Records shown:

(* The space $\Gamma(S^1)$ is homotopy equivalent to a wedge of two circles; in particular it is a $K(F_2,1)$ with $F_2$ the free group on two generators.
   Context: $Y=\mathbb C\setminus\{(\lambda,0):\lambda\in\mathbb Z\}$. $\Gamma(S^1)=\mathbb R\times_{\mathbb Z}Y$, the quotient of $\mathbb R\times Y$ by the diagonal $\mathbb Z$-action in which the generator acts by $s\mapsto s+1$ on $\mathbb R$ and by $z\mapsto1+\overline z$ on $Y$; it is a fibre bundle over $S^1=\mathbb R/\mathbb Z$ with fibre $Y$. *)

theory Defs
  imports "HOL-Analysis.Analysis"
begin

definition quot_topology :: "'a topology \<Rightarrow> ('a \<Rightarrow> 'b) \<Rightarrow> 'b topology" where
  "quot_topology X f = topology (\<lambda>U. U \<subseteq> f ` topspace X \<and> openin X {x \<in> topspace X. f x \<in> U})"

lemma istopology_quot: "istopology (\<lambda>U. U \<subseteq> f ` topspace X \<and> openin X {x \<in> topspace X. f x \<in> U})"
proof -
  have 1: "{x \<in> topspace X. f x \<in> S \<inter> T} = {x \<in> topspace X. f x \<in> S} \<inter> {x \<in> topspace X. f x \<in> T}" for S T
    by auto
  have 2: "{x \<in> topspace X. f x \<in> \<Union>K} = (\<Union>S\<in>K. {x \<in> topspace X. f x \<in> S})" for K
    by auto
  show ?thesis
    unfolding istopology_def 1 2 by (auto intro!: openin_Int openin_Union)
qed

definition Yset :: "complex set" where
  "Yset = {z. \<not> (Im z = 0 \<and> Re z \<in> \<int>)}"

definition gen_act :: "real \<times> complex \<Rightarrow> real \<times> complex" where
  "gen_act p = (fst p + 1, 1 + cnj (snd p))"

definition orbit_Z :: "real \<times> complex \<Rightarrow> (real \<times> complex) set" where
  "orbit_Z p = {q. \<exists>n::nat. q = (gen_act ^^ n) p \<or> p = (gen_act ^^ n) q}"

text \<open>Gamma(S^1) = R x_Z Y, with the quotient topology.\<close>
definition Gamma_S1 :: "(real \<times> complex) set topology" where
  "Gamma_S1 = quot_topology (subtopology euclidean (UNIV \<times> Yset)) orbit_Z"

definition wedge_two_circles :: "complex topology" where
  "wedge_two_circles = subtopology euclidean (sphere (-1) 1 \<union> sphere 1 1)"

end

(* Write sigma(s, z) = (s + 1, 1 + cnj z) for the generator of the Z-action. The two lines
   x |-> (x, x -+ i cos (pi x)) in R x Y avoid the punctures, are mapped to themselves by sigma
   (shifting x by 1) and meet exactly over the half-integers; so their image in Gamma(S^1), the
   spine, is a wedge of two circles. An explicit sigma-equivariant map from Y onto the spine, for
   which the segment from z to its image never meets a puncture, gives a straight-line
   deformation of R x Y that descends to Gamma(S^1) and pushes it onto the spine. Conversely the
   parametrisation of the spine factors through the wedge, which is a quotient of the compact set
   {-1, 1} x [-1/2, 1/2]. The composite wedge -> Gamma(S^1) -> wedge is not the identity but
   rotates each circle about its centre by an angle vanishing at the wedge point, and this
   rotation unwinds linearly. *)

theory Submission
  imports Defs
begin

section \<open>The deck transformation and the quotient\<close>

lemma snd_gen_act [simp]: "snd (gen_act p) = 1 + cnj (snd p)"
  by (simp add: gen_act_def)

lemma gen_act_inj: "gen_act p = gen_act q \<Longrightarrow> p = q"
  by (cases p; cases q) (auto simp: gen_act_def complex_eq_iff)

lemma gen_act_affine: "gen_act ((1 - t) *\<^sub>R a + t *\<^sub>R b) = (1 - t) *\<^sub>R gen_act a + t *\<^sub>R gen_act b"
  by (simp add: gen_act_def prod_eq_iff complex_eq_iff algebra_simps)
(* Let $N\ge2$ and $1\le q<2$. Then \[ \sup\left\{\mathcal F_{2,q}(\Omega):\ \Omega\subset\mathbb{R}^N\text{ simply connected open set}\right\}=+\infty, \qquad\text{where }\ \mathcal F_{2,q}(\Omega)=\lambda_{2,q}(\Omega)\left(\frac{|\Omega|^{\frac12+\frac1q}}{P(\Omega)}\right)^2. \]
   Context: $\lambda_{2,q}(\Omega):=\inf\{\int_\Omega|\nabla\psi|^2\,dx:\ \psi\in C_0^\infty(\Omega),\ \int_\Omega|\psi|^q\,dx=1\}$; $|\Omega|$ is Lebesgue measure and $P(\Omega)$ the De Giorgi perimeter. *)

theory Defs
  imports "HOL-Analysis.Analysis"
begin

definition Cinf :: "(real^'n \<Rightarrow> real) \<Rightarrow> bool" where
  "Cinf f \<longleftrightarrow> (\<exists>D. f \<in> D \<and> (\<forall>g\<in>D. g differentiable_on UNIV \<and>
      (\<forall>i. (\<lambda>x. frechet_derivative g (at x) (axis i 1)) \<in> D)))"

definition tsupp :: "(real^'n \<Rightarrow> 'b::zero) \<Rightarrow> (real^'n) set" where
  "tsupp f = closure {x. f x \<noteq> 0}"

definition Cinf0 :: "(real^'n) set \<Rightarrow> (real^'n \<Rightarrow> real) \<Rightarrow> bool" where
  "Cinf0 \<Omega> \<psi> \<longleftrightarrow> Cinf \<psi> \<and> compact (tsupp \<psi>) \<and> tsupp \<psi> \<subseteq> \<Omega>"

definition grad_sq :: "(real^'n \<Rightarrow> real) \<Rightarrow> real^'n \<Rightarrow> real" where
  "grad_sq \<psi> x = (\<Sum>i\<in>UNIV. (frechet_derivative \<psi> (at x) (axis i 1))\<^sup>2)"

definition lambda2q :: "real \<Rightarrow> (real^'n) set \<Rightarrow> real" where
  "lambda2q q \<Omega> = Inf {integral UNIV (grad_sq \<psi>) | \<psi>. Cinf0 \<Omega> \<psi> \<and>
      integral UNIV (\<lambda>x. \<bar>\<psi> x\<bar> powr q) = 1}"
lemma one_U: "\<one>\<^bsub>U n\<^esub> = (1 mod n, 0)"
  by (simp add: U_def)

lemma finite_carrier_U: "finite (carrier (U n))"
  by (rule finite_subset[of _ "{..<n} \<times> {..<n}"]) (auto simp: carrier_U)

lemma mod_affine_comp:
  "((a * c) mod n * x + (a * e + b) mod n) mod n = (a * ((c * x + e) mod n) + b) mod (n::nat)"
proof -
  have "[(a * c) mod n * x + (a * e + b) mod n = a * c * x + (a * e + b)] (mod n)"
    by (intro cong_add cong_mult cong_refl) (simp_all add: cong_def)
  moreover have "[a * ((c * x + e) mod n) + b = a * (c * x + e) + b] (mod n)"
    by (intro cong_add cong_mult cong_refl) (simp_all add: cong_def)
  ultimately show ?thesis
    by (simp add: cong_def algebra_simps)
qed

lemma act_mult_U: "act n (g \<otimes>\<^bsub>U n\<^esub> h) x = act n g (act n h x)"
  by (simp add: act_def mult_U mod_affine_comp)

lemma act_one_U: "x < n \<Longrightarrow> act n \<one>\<^bsub>U n\<^esub> x = x"
  by (simp add: act_def one_U mod_simps)

lemma ex_left_inverse_U:
  assumes "0 < n" "g \<in> carrier (U n)"
  shows "\<exists>h\<in>carrier (U n). h \<otimes>\<^bsub>U n\<^esub> g = \<one>\<^bsub>U n\<^esub>"
proof -
  obtain a b where ab: "g = (a, b)" "coprime a n"
    using assms(2) by (auto simp: carrier_U)
  obtain c where c: "[c * a = 1] (mod n)"
    using cong_solve_coprime_nat[OF ab(2)] by (auto simp: mult.commute)
  define c' where "c' = c mod n"
  have "coprime c' n"
    using c assms(1) unfolding c'_def
    by (metis cong_def cong_imp_coprime coprime_1_left coprime_mult_left_iff coprime_mod_left_iff gr_implies_not0)
  then have "(c', (n - c' * b mod n) mod n) \<in> carrier (U n)"
    using assms(1) by (simp add: carrier_U c'_def)
  moreover have "(c' * b + (n - c' * b mod n) mod n) mod n = 0"
  proof -
    have "c' * b + (n - c' * b mod n) = n + n * (c' * b div n)"
      using minus_mod_eq_mult_div[of "c' * b" n] mod_less_eq_dividend[of "c' * b" n]
        mod_le_divisor[OF assms(1), of "c' * b"] by linarith
    then show ?thesis
      by (simp add: mod_add_right_eq)
  qed
  then have "(c', (n - c' * b mod n) mod n) \<otimes>\<^bsub>U n\<^esub> g = \<one>\<^bsub>U n\<^esub>"
    using c by (simp add: ab mult_U one_U cong_def c'_def mod_mult_left_eq)
  ultimately show ?thesis
    by blast
qed

lemma group_U:
  assumes "0 < n"
  shows "group (U n)"
proof (rule groupI)
  fix g h k
  show "g \<otimes>\<^bsub>U n\<^esub> h \<otimes>\<^bsub>U n\<^esub> k = g \<otimes>\<^bsub>U n\<^esub> (h \<otimes>\<^bsub>U n\<^esub> k)"
    by (simp add: mult_U mod_affine_comp mod_mult_left_eq mod_mult_right_eq mult.assoc)
next
  fix g h assume "g \<in> carrier (U n)" "h \<in> carrier (U n)"
  then show "g \<otimes>\<^bsub>U n\<^esub> h \<in> carrier (U n)"
    using assms by (auto simp: carrier_U mult_U)
next
  show "\<one>\<^bsub>U n\<^esub> \<in> carrier (U n)"
    using assms by (auto simp: carrier_U one_U)
next
  fix g assume "g \<in> carrier (U n)"
  then show "\<one>\<^bsub>U n\<^esub> \<otimes>\<^bsub>U n\<^esub> g = g"
    by (auto simp: carrier_U mult_U one_U mod_simps)
qed (use ex_left_inverse_U[OF assms] in blast)

(* Restricted to the representatives {..<n} because BijGroup consists of extensional maps. *)
definition affine_action :: "nat \<Rightarrow> nat \<times> nat \<Rightarrow> nat \<Rightarrow> nat" where
  "affine_action n g = (\<lambda>x\<in>{..<n}. act n g x)"

lemma group_action_U:
  assumes "0 < n"
  shows "group_action (U n) {..<n} (affine_action n)"
proof -
  interpret group "U n" using group_U[OF assms] .
  have act_less: "act n g x < n" for g x
    using assms by (simp add: act_def)
  have "affine_action n g \<in> Bij {..<n}" if g: "g \<in> carrier (U n)" for g
  proof -
    have "act n (inv\<^bsub>U n\<^esub> g) (act n g x) = x" if "x < n" for x
      using g that by (simp flip: act_mult_U add: act_one_U)
    moreover have "act n g (act n (inv\<^bsub>U n\<^esub> g) x) = x" if "x < n" for x
      using g that by (simp flip: act_mult_U add: act_one_U)
    ultimately have "bij_betw (act n g) {..<n} {..<n}"
      by (intro bij_betw_byWitness[where f' = "act n (inv\<^bsub>U n\<^esub> g)"]) (auto simp: act_less)
    then show ?thesis
      by (simp add: Bij_def affine_action_def bij_betw_def inj_on_def)
  qed
  moreover have "affine_action n (g \<otimes>\<^bsub>U n\<^esub> h) = compose {..<n} (affine_action n g) (affine_action n h)" for g h
    by (auto simp: affine_action_def compose_def act_mult_U act_less)
  ultimately show ?thesis
    unfolding group_action_def
    by (intro group_hom.intro group_hom_axioms.intro is_group group_BijGroup homI) (simp_all add: BijGroup_def)
qed

lemma group_action_subgroup_U:
  assumes "0 < n" "subgroup F (U n)"
  shows "group_action ((U n)\<lparr>carrier := F\<rparr>) {..<n} (affine_action n)"
  using group_action_U[OF assms(1)] assms(2)
  by (simp add: group_action_def group_hom.induced_group_hom')

lemma orbit_affine_action:
  "x < n \<Longrightarrow> orbit ((U n)\<lparr>carrier := F\<rparr>) (affine_action n) x = Orb n F x"
  by (auto simp: orbit_def Orb_def affine_action_def)

lemma stabilizer_affine_action:
  "x < n \<Longrightarrow> stabilizer ((U n)\<lparr>carrier := F\<rparr>) (affine_action n) x = {g \<in> F. act n g x = x}"
  by (auto simp: stabilizer_def affine_action_def)

lemma card_Orb_pos:
  assumes "subgroup G (U n)"
  shows "0 < card (Orb n G x)"
proof -
  have "finite G"
    using finite_carrier_U finite_subset subgroup.subset[OF assms] by blast
  moreover have "G \<noteq> {}"
    using subgroup.one_closed[OF assms] by blast
  ultimately show ?thesis
    by (simp add: Orb_def card_gt_0_iff)
qed
(* Let $P$ be the Borel probability measure on $\mathbb{R}$ with density $f(x)=\frac32$ if $x\in J_1:=[0,\frac13]$, $f(x)=\frac94$ if $x\in J_2\cup J_3$ where $J_2:=[\frac23,\frac79]$ and $J_3:=[\frac89,1]$, and $f(x)=0$ otherwise. Let $n\ge3$ and let $\alpha_n$ be an optimal set of $n$-means for $P$. Then: (i) $\alpha_n\cap J_i\neq\emptyset$ for all $1\le i\le3$; (ii) $\alpha_n$ contains no point of the open intervals $(\frac13,\frac23)$ and $(\frac79,\frac89)$; (iii) for $1\le i\neq j\le3$, the Voronoi region of any point of $\alpha_n\cap J_i$ contains no point of $J_j$.
   Context: An optimal set of $n$-means for $P$ is a set $\alpha\subset\mathbb{R}$ with $\mathrm{card}(\alpha)\le n$ attaining $\inf\{\int\min_{a\in\alpha}(x-a)^2\,dP(x):\mathrm{card}(\alpha)\le n\}$. For a finite $\alpha$ and $a\in\alpha$, the Voronoi region of $a$ is $M(a|\alpha)=\{x\in\mathbb{R}:|x-a|=\min_{b\in\alpha}|x-b|\}$. *)

theory Defs
  imports "HOL-Analysis.Analysis"
begin

definition J :: "nat \<Rightarrow> real set" where
  "J i = (if i = 1 then {0..1/3} else if i = 2 then {2/3..7/9} else if i = 3 then {8/9..1} else {})"

definition dens :: "real \<Rightarrow> real" where
  "dens x = (if x \<in> J 1 then 3/2 else if x \<in> J 2 \<union> J 3 then 9/4 else 0)"

definition P :: "real measure" where
  "P = density lborel (\<lambda>x. ennreal (dens x))"

definition distortion :: "real set \<Rightarrow> ennreal" where
  "distortion \<alpha> = (\<integral>\<^sup>+ x. ennreal (Min ((\<lambda>a. (x - a)^2) ` \<alpha>)) \<partial>P)"

definition optimal_n_means :: "nat \<Rightarrow> real set \<Rightarrow> bool" where
  "optimal_n_means n \<alpha> \<longleftrightarrow> finite \<alpha> \<and> \<alpha> \<noteq> {} \<and> card \<alpha> \<le> n \<and>
     (\<forall>\<beta>. finite \<beta> \<and> \<beta> \<noteq> {} \<and> card \<beta> \<le> n \<longrightarrow> distortion \<alpha> \<le> distortion \<beta>)"

definition voronoi :: "real \<Rightarrow> real set \<Rightarrow> real set" where
  "voronoi a \<alpha> = {x. \<bar>x - a\<bar> = Min ((\<lambda>b. \<bar>x - b\<bar>) ` \<alpha>)}"

end

theory Submission
  imports Defs
begin

(* The distortion is a weighted sum of the errors of a set S over J 1, J 2, J 3, the error over
   an interval [s, t] of length L being the integral of the squared distance to S.  If exactly
   N >= 1 points of S lie in the window (s - L/2, t + L/2), this error is at least that of N equally
   spaced points, L^3/(12 N^2), strictly so if one of those points is within L/(2N) of the boundary
   of [s, t]; an empty window costs at least 7 L^3/12.  Comparing an optimal set with unions of
   equally spaced points shows that each window contains one of its points (for n = 3 with the
   help of explicit bounds when a single point must serve both J 2 and J 3), that the windows
   contain all of its points, and that it attains the grid bound on every J i.  So every point lies
   at distance at least L/(2N) inside its J i, which gives (i) and (ii); for x in J j the point of
   the optimal set in J j is then nearer than L_j, which does not exceed the gap between J j and
   any other J i, and this gives (iii). *)

section \<open>Squared distance to a finite set\<close>

definition min_sqdist :: "real set \<Rightarrow> real \<Rightarrow> real" where
  "min_sqdist S x = Min ((\<lambda>a. (x - a)^2) ` S)"

lemma min_sqdist_le: "finite S \<Longrightarrow> a \<in> S \<Longrightarrow> min_sqdist S x \<le> (x - a)^2"
  unfolding min_sqdist_def by (rule Min_le) auto

lemma min_sqdist_attained:
  assumes "finite S" "S \<noteq> {}"
  obtains a where "a \<in> S" "min_sqdist S x = (x - a)^2"
proof -
  have "min_sqdist S x \<in> (\<lambda>a. (x - a)^2) ` S"
    unfolding min_sqdist_def using assms by (intro Min_in) auto
  then show ?thesis using that by blast
qed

Work instruction:
Take every line above that includes "bool" and list it.

Solution:
definition Cinf :: "(real^'n \<Rightarrow> real) \<Rightarrow> bool" where
definition Cinf0 :: "(real^'n) set \<Rightarrow> (real^'n \<Rightarrow> real) \<Rightarrow> bool" where
definition optimal_n_means :: "nat \<Rightarrow> real set \<Rightarrow> bool" where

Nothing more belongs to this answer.